About this task
Look through the listing below and give the number of lines in which "fixes" occurs, nothing more.

Records
↓↓↓

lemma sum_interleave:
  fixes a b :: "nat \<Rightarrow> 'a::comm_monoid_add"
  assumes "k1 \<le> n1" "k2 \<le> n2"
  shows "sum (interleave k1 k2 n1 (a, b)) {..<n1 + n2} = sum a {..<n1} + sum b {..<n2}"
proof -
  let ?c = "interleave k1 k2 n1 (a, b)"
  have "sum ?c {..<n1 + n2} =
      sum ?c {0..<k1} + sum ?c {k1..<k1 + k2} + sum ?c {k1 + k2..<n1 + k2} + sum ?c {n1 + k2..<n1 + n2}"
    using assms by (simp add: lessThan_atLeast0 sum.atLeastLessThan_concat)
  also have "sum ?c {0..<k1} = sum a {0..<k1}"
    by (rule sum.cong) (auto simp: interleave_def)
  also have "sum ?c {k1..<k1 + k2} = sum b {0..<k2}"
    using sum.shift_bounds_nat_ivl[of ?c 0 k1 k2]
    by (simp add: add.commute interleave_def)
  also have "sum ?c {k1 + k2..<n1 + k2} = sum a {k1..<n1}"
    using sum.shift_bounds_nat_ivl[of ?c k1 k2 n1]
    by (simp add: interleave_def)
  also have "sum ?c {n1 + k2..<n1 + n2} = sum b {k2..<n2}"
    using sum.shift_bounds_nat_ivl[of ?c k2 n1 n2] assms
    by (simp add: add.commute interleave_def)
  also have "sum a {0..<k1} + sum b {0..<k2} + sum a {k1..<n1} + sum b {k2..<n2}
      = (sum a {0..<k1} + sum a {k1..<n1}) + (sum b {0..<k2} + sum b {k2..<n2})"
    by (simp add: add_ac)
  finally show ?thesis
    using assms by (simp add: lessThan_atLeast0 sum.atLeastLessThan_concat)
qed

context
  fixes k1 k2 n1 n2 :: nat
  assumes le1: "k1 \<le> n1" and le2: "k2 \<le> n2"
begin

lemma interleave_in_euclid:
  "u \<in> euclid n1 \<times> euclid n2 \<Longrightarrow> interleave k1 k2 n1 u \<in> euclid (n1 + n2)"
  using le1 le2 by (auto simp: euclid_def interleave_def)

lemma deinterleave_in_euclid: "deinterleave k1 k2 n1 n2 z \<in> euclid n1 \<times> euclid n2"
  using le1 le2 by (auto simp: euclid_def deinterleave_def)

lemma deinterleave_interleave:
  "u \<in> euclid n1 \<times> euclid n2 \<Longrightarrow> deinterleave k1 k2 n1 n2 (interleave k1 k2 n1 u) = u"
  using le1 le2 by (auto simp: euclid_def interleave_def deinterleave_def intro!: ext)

↑↑↑

Output
2